● HOW TO COMPLETE THIS TASK
Output exactly the first line of the listing and each line after it, through the line that contains "0\<bar> / 2"; add nothing else.
++++++++++
lemma shock_fun_Maclaurin_near_zero:
  assumes RH: "s = (f 0 - f um) / (0 - um)" and "1 \<le> k" and "deriv f 0 = s"
    and vanish: "\<forall>j\<in>{2..k}. (deriv ^^ j) f 0 = 0" and nonzero: "(deriv ^^ (k + 1)) f 0 \<noteq> 0"
  obtains \<delta> where "0 < \<delta>"
    and "\<And>u. 0 < u \<Longrightarrow> u < \<delta> \<Longrightarrow> \<exists>t. \<bar>(deriv ^^ (k + 1)) f t - (deriv ^^ (k + 1)) f 0\<bar> < \<bar>(deriv ^^ (k + 1)) f 0\<bar> / 2
      \<and> shock_fun s u = (deriv ^^ (k + 1)) f t / fact (k + 1) * u ^ (k + 1)"
proof -
  let ?A = "(deriv ^^ (k + 1)) f 0"
  have "isCont ((deriv ^^ (k + 1)) f) 0"
    by (rule DERIV_isCont[OF higher_deriv_has_deriv])
  moreover have "0 < \<bar>?A\<bar> / 2"
    using nonzero by simp
  ultimately obtain \<delta> where "0 < \<delta>" and \<delta>: "\<And>t. dist t 0 < \<delta> \<Longrightarrow> dist ((deriv ^^ (k + 1)) f t) ?A < \<bar>?A\<bar> / 2"
    unfolding continuous_at_eps_delta by blast
  have "\<exists>t. \<bar>(deriv ^^ (k + 1)) f t - ?A\<bar> < \<bar>?A\<bar> / 2
      \<and> shock_fun s u = (deriv ^^ (k + 1)) f t / fact (k + 1) * u ^ (k + 1)" if "0 < u" "u < \<delta>" for u
  proof -
    obtain t where "0 < t" "t < u" "shock_fun s u = (deriv ^^ (k + 1)) f t / fact (k + 1) * u ^ (k + 1)"
      using shock_fun_Maclaurin[OF RH \<open>1 \<le> k\<close> \<open>deriv f 0 = s\<close> vanish \<open>0 < u\<close>] by blast
    moreover have "dist ((deriv ^^ (k + 1)) f t) ?A < \<bar>?A\<bar> / 2"
      using \<delta>[of t] \<open>0 < t\<close> \<open>t < u\<close> \<open>u < \<delta>\<close> by (simp add: dist_real_def)
    ultimately show ?thesis
      by (auto simp only: dist_real_def)
  qed
  with \<open>0 < \<delta>\<close> show ?thesis
    using that by blast
qed

lemma profile_field_equiv_at_zero:
  assumes "asym_equiv (\<lambda>u. - shock_fun s u) (\<lambda>u. u ^ p) (at_right 0)"
  shows "asym_equiv (\<lambda>u. - profile_field s u) (\<lambda>u. u powr (real p + 1 - m)) (at_right 0)"
proof -
  obtain c1 c2 where "0 < c1" "0 < c2"
    and c: "eventually (\<lambda>u. c1 * u ^ p \<le> - shock_fun s u \<and> - shock_fun s u \<le> c2 * u ^ p) (at_right 0)"
    using assms by (rule asym_equivE)
  show ?thesis
  proof (rule asym_equivI)
    show "0 < c1 / (\<mu> * m)" "0 < c2 / (\<mu> * m)"
      using \<open>0 < c1\<close> \<open>0 < c2\<close> \<mu>_pos m_pos by auto
    show "eventually (\<lambda>u. 0 \<le> u powr (real p + 1 - m)
        \<and> c1 / (\<mu> * m) * u powr (real p + 1 - m) \<le> - profile_field s u
        \<and> - profile_field s u \<le> c2 / (\<mu> * m) * u powr (real p + 1 - m)) (at_right 0)"
      using c eventually_at_right_less[of 0]
    proof eventually_elim
      case (elim u)
      then have w: "0 < u powr (1 - m) / (\<mu> * m)"
        using \<mu>_pos m_pos by simp
      have "u powr (real p + 1 - m) = u powr real p * u powr (1 - m)"
        by (simp add: powr_add[symmetric] add_diff_eq)
      then have split: "c / (\<mu> * m) * u powr (real p + 1 - m) = c * u ^ p * (u powr (1 - m) / (\<mu> * m))" for c
        using elim by (simp add: powr_realpow)
      have neg_h: "- profile_field s u = - shock_fun s u * (u powr (1 - m) / (\<mu> * m))"
        by (simp add: profile_field_def)
      have "c1 * u ^ p * (u powr (1 - m) / (\<mu> * m)) \<le> - shock_fun s u * (u powr (1 - m) / (\<mu> * m))"
        using elim w by (intro mult_right_mono) simp_all
      moreover have "- shock_fun s u * (u powr (1 - m) / (\<mu> * m)) \<le> c2 * u ^ p * (u powr (1 - m) / (\<mu> * m))"
        using elim w by (intro mult_right_mono) simp_all
      ultimately show ?case
        unfolding split neg_h by simp
    qed
  qed
qed

lemma dec_profile_decay_at_top:
  assumes P: "dec_profile m \<mu> f um 0 s U" and "1 \<le> p"
    and equiv: "asym_equiv (\<lambda>u. - shock_fun s u) (\<lambda>u. u ^ p) (at_right 0)"
  shows "asym_equiv (\<lambda>\<xi>. \<bar>deriv U \<xi>\<bar> powr (1 / (real p + 1 - m))) U at_top"
    and "asym_equiv U (\<lambda>\<xi>. \<bar>\<xi>\<bar> powr (- 1 / (real p - m))) at_top"
proof -
  have "(U \<longlongrightarrow> 0) at_top"
    using P unfolding dec_profile_def by auto
  then have "filterlim U (at_right 0) at_top"
    using dec_profile_range(1)[OF P] by (intro tendsto_imp_filterlim_at_right) auto
  from asym_equiv_compose[OF profile_field_equiv_at_zero[OF equiv] this]
  have U_equiv: "asym_equiv (\<lambda>\<xi>. - profile_field s (U \<xi>)) (\<lambda>\<xi>. U \<xi> powr (real p + 1 - m)) at_top" .
  have q: "0 < real p + 1 - m" "1 < real p + 1 - m" "real p + 1 - m - 1 = real p - m"
    using \<open>1 \<le> p\<close> m_less_1 by auto
  have "deriv U = (\<lambda>\<xi>. profile_field s (U \<xi>))"
    using DERIV_imp_deriv[OF dec_profile_has_field_deriv[OF P]] by blast
  with power_ode_deriv_asym_equiv[OF dec_profile_range(1)[OF P] q(1) U_equiv]
  show "asym_equiv (\<lambda>\<xi>. \<bar>deriv U \<xi>\<bar> powr (1 / (real p + 1 - m))) U at_top"
    by simp
  from power_ode_decay_at_top[OF dec_profile_has_field_deriv[OF P] dec_profile_range(1)[OF P] q(2) U_equiv]
  show "asym_equiv U (\<lambda>\<xi>. \<bar>\<xi>\<bar> powr (- 1 / (real p - m))) at_top"
    unfolding q(3) .
qed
++++++++++
● OUTPUT OF THE EXERCISE
lemma shock_fun_Maclaurin_near_zero:
  assumes RH: "s = (f 0 - f um) / (0 - um)" and "1 \<le> k" and "deriv f 0 = s"
    and vanish: "\<forall>j\<in>{2..k}. (deriv ^^ j) f 0 = 0" and nonzero: "(deriv ^^ (k + 1)) f 0 \<noteq> 0"
  obtains \<delta> where "0 < \<delta>"
    and "\<And>u. 0 < u \<Longrightarrow> u < \<delta> \<Longrightarrow> \<exists>t. \<bar>(deriv ^^ (k + 1)) f t - (deriv ^^ (k + 1)) f 0\<bar> < \<bar>(deriv ^^ (k + 1)) f 0\<bar> / 2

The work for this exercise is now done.